Ред протягивает Марти удочку и настаивает, чтобы тот забросил крючок. Река тихо плещет о деревянные борта лодки.

– В особо тихую ночь, – сообщает Ред, – можно слышать, как угри скребутся об остовы кораблей внизу.

Марти смотрит на него со всем презрением, какое может изобразить.

– У меня совершенно другие представления об отдыхе после работы.

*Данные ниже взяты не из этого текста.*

text \<open>Projecting along \<open>s\<close> onto the kernel of \<open>c\<close> (where \<open>c s = 1\<close>) kills one spanning
  vector: some \<open>bs j\<close> has a nonzero coefficient in \<open>s\<close>, and its projection is a combination of
  the others.\<close>
lemma vec_span_kernel_drop:
  assumes I: "finite I" and bs: "bs ` I \<subseteq> carrier_vec n" and c: "lin_form n c"
    and s: "s \<in> vec_span n bs I" "c s = 1"
  obtains j where "j \<in> I"
    "{x \<in> vec_span n bs I. c x = 0} \<subseteq> vec_span n (\<lambda>i. bs i - c (bs i) \<cdot>\<^sub>v s) (I - {j})"
proof -
  have c_span: "c (vsum n (\<lambda>i. \<beta> i \<cdot>\<^sub>v bs i) I) = (\<Sum>i\<in>I. \<beta> i * c (bs i))" for \<beta>
    using lin_form_vsum[OF c I, of "\<lambda>i. \<beta> i \<cdot>\<^sub>v bs i"] lin_form_smult[OF c] bs by auto
  have index_span: "a < n \<Longrightarrow> vsum n (\<lambda>i. \<beta> i \<cdot>\<^sub>v bs i) I $ a = (\<Sum>i\<in>I. \<beta> i * bs i $ a)" for \<beta> a
    using bs by (intro index_vsum_smult) auto
  obtain \<alpha> where \<alpha>: "s = vsum n (\<lambda>i. \<alpha> i \<cdot>\<^sub>v bs i) I"
    using s(1) by (auto simp: vec_span_def)
  obtain j where j: "j \<in> I" "\<alpha> j \<noteq> 0"
  proof -
    have "(\<Sum>i\<in>I. \<alpha> i * c (bs i)) \<noteq> 0" using c_span[of \<alpha>] \<alpha> s(2) by simp
    then obtain j where "j \<in> I" "\<alpha> j * c (bs j) \<noteq> 0"
      using sum.not_neutral_contains_not_neutral by blast
    then show ?thesis using that by simp
  qed
  have sC: "s \<in> carrier_vec n" using vec_span_carrier[OF s(1)] .
  show ?thesis
  proof (rule that[OF j(1)], safe)
    fix x assume "x \<in> vec_span n bs I" and cx: "c x = 0"
    then obtain \<beta> where \<beta>: "x = vsum n (\<lambda>i. \<beta> i \<cdot>\<^sub>v bs i) I" by (auto simp: vec_span_def)
    define \<gamma> where "\<gamma> i = \<beta> i - \<beta> j * \<alpha> i / \<alpha> j" for i
    have "x = vsum n (\<lambda>i. \<gamma> i \<cdot>\<^sub>v (bs i - c (bs i) \<cdot>\<^sub>v s)) (I - {j})"
    proof (rule eq_carrier_vecI[of _ n])
      fix a assume a: "a < n"
      define X where "X i = bs i $ a - c (bs i) * s $ a" for i
      have X_sum: "(\<Sum>i\<in>I. \<delta> i * X i) = (\<Sum>i\<in>I. \<delta> i * bs i $ a) - (\<Sum>i\<in>I. \<delta> i * c (bs i)) * s $ a"
        for \<delta>
        by (simp add: X_def right_diff_distrib sum_subtractf sum_distrib_right mult.assoc)
      have X_\<beta>: "(\<Sum>i\<in>I. \<beta> i * X i) = x $ a"
        using X_sum[of \<beta>] index_span[OF a, of \<beta>] c_span[of \<beta>] cx \<beta> by simp
      have X_\<alpha>: "(\<Sum>i\<in>I. \<alpha> i * X i) = 0"
        using X_sum[of \<alpha>] index_span[OF a, of \<alpha>] c_span[of \<alpha>] s(2) \<alpha> by simp
      have "x $ a = (\<Sum>i\<in>I. \<beta> i * X i) - \<beta> j / \<alpha> j * (\<Sum>i\<in>I. \<alpha> i * X i)"
        using X_\<alpha> X_\<beta> by simp
      also have "\<dots> = (\<Sum>i\<in>I. \<beta> i * X i - \<beta> j / \<alpha> j * (\<alpha> i * X i))"
        by (simp add: sum_subtractf sum_distrib_left)
      also have "\<dots> = (\<Sum>i\<in>I. \<gamma> i * X i)"
        by (intro sum.cong) (simp_all add: \<gamma>_def algebra_simps)
      also have "\<dots> = (\<Sum>i\<in>I - {j}. \<gamma> i * X i)"
        using sum.remove[OF I j(1), of "\<lambda>i. \<gamma> i * X i"] j(2) by (simp add: \<gamma>_def)
      also have "\<dots> = vsum n (\<lambda>i. \<gamma> i \<cdot>\<^sub>v (bs i - c (bs i) \<cdot>\<^sub>v s)) (I - {j}) $ a"
        using a bs sC by (auto simp: X_def intro!: sum.cong)
      finally show "x $ a = vsum n (\<lambda>i. \<gamma> i \<cdot>\<^sub>v (bs i - c (bs i) \<cdot>\<^sub>v s)) (I - {j}) $ a" .
    qed (use \<beta> in simp_all)
    then show "x \<in> vec_span n (\<lambda>i. bs i - c (bs i) \<cdot>\<^sub>v s) (I - {j})"
      by (auto simp: vec_span_def)
  qed
qed
(* Let $(Z,d,\mu)$, $Q$, $X$, $(\psi_x)$, $T_n$ be as in the context. Suppose $0<s<\infty$, $Q/(Q+s)<p\le\infty$, $0<q\le\infty$. If $u:X\to\mathbb C$ satisfies $|du|\in\mathcal I^s_{p,q}(X)$, then the limit $\mathrm{Tr}\,u:=\lim_{n\to\infty}T_nu$ exists in $L^1_{\rm loc}(Z)$ and pointwise $\mu$-a.e., and for every $x\in X$ there is a constant $C_x$ (depending on $x$ but not on $u$) such that $\|\mathrm{Tr}\,u-u(x)\|_{L^1(B(x))}\le C_x\|\,|du|\,\|_{\mathcal I^s_{p,q}(X)}$.
   Context: $(Z,d,\mu)$ is a metric measure space, $\mu$ Borel regular, every ball has positive finite measure, and $\mu$ is doubling. Fix constants $C\ge1$, $Q>0$ with $\mu(B(\xi,\lambda r)) \le C\lambda^Q\mu(B(\xi,r))$ for all $\xi\in Z$, $r>0$, $\lambda\ge1$. Hyperbolic filling: for each $n\in\mathbb Z$ let $(\xi_x)_{x\in X_n}$ be a maximal set of points of $Z$ with pairwise distances at least $2^{-n-1}$; $X=\bigsqcup_n X_n$, $|x|:=n$ for $x\in X_n$, $B(x):=B(\xi_x,2^{-n})$. Distinct $x,x'\in X$ are neighbors, $x\sim x'$, iff $B(x)\cap B(x')\ne\emptyset$ and $||x|-|x'||\le1$. For $u:X\to\mathbb C$, $|du(x)| := \big(\sum_{x'\sim x}|u(x')-u(x)|^2\big)^{1/2}$. $\mathcal I^s_{p,q}(X)$: sequences $u:X\to\mathbb C$ with $\|u\|_{\mathcal I^s_{p,q}(X)} := \big(\sum_{k\in\mathbb Z}2^{ksq}\|\sum_{x\in X_k}|u(x)|\chi_{B(x)}\|_{L^p(Z)}^q\big)^{1/q}<\infty$ (usual modification for $p$ or $q=\infty$). $(\psi_x)_{x\in X}$: non-negative Lipschitz functions with $\psi_x$ supported in $B(x)$, $(\psi_x)_{x\in X_n}$ a partition of unity on $Z$ for each $n$, ${\rm Lip}\,\psi_x\le C''2^{|x|}$. $T_nu:=\sum_{x\in X_n}u(x)\psi_x$. $L^1_{\rm loc}(Z)$: measurable functions integrable on bounded sets. *)

theory Defs
  imports "HOL-Analysis.Analysis" "HOL-Probability.Essential_Supremum"
begin

definition epow :: "ennreal \<Rightarrow> real \<Rightarrow> ennreal" where
  "epow a r = (if a = \<infinity> then \<infinity> else ennreal (enn2real a powr r))"

definition rad :: "int \<Rightarrow> real" where
  "rad n = 2 powr (- real_of_int n)"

Ред лукаво улыбается, смотрит на удочку и начинает:

– Как вы знаете, с компанией, которая доставила еду, мы зашли в тупик. Для этого мероприятия наняли дополнительных помощников, из которых трое записались под фальшивыми именами, потому что они – мигранты без необходимых документов. Вполне возможно, что именно они подменили и вынесли картину. «Битников напрокат» проверили, там чисто. Коммунистические убеждения и антиправительственная деятельность, но ничего криминального. Потом как-то вечером во время рыбалки мне пришла мысль заняться рамой подделки – выяснить, где она сделана и все такое. Так что я взял манхэттенский телефонный справочник и принялся обзванивать багетные мастерские. Побывал в десяти, прежде чем что-то нашел. Есть один француз, он держит багетную мастерскую в Лексингтоне, в районе Шестидесятых улиц. Фамильный бизнес, существует уже много поколений. Рассказал мне, что рамы его семьи висят в Лувре и Метрополитен, что он продавал рамы Вандербильтам и Карнеги. Старый щеголь-коротышка в рабочем фартуке поверх костюма-тройки. Крошки от сыра на груди. По стенам развешаны самые богатые рамы, какие только можно вообразить. Я показал ему фотографии рамы, в которой была подделка, и он сказал, нет, это не его, но я сразу почуял подвох. У меня шестое чувство – сразу понимаю, что кто-то финтит. Так что я попросил его рассказать о фамильной багетной империи, и он поведал, что делает грунт по собственному рецепту – из гипса с белых скал Дувра и клея, который сам варит из кроличьих лапок и ушей. Очень скоро он предложил мне чаю, и я его таки уболтал. Я сам – одинокий зверь, так что умею распознать одиночество, ну и давай это дело раскочегаривать. Где-то на второй чашке чая он сознался, что изготовил раму для постоянного заказчика, который пришел с очень похожими фотографиями. Однако фамилию он не назвал, потому что для него это вроде тайны исповеди или врачебной тайны. Привилегии клиента или что-то такое. Однако я чувствовал, что тут дело личное. Что между ними есть симпатия.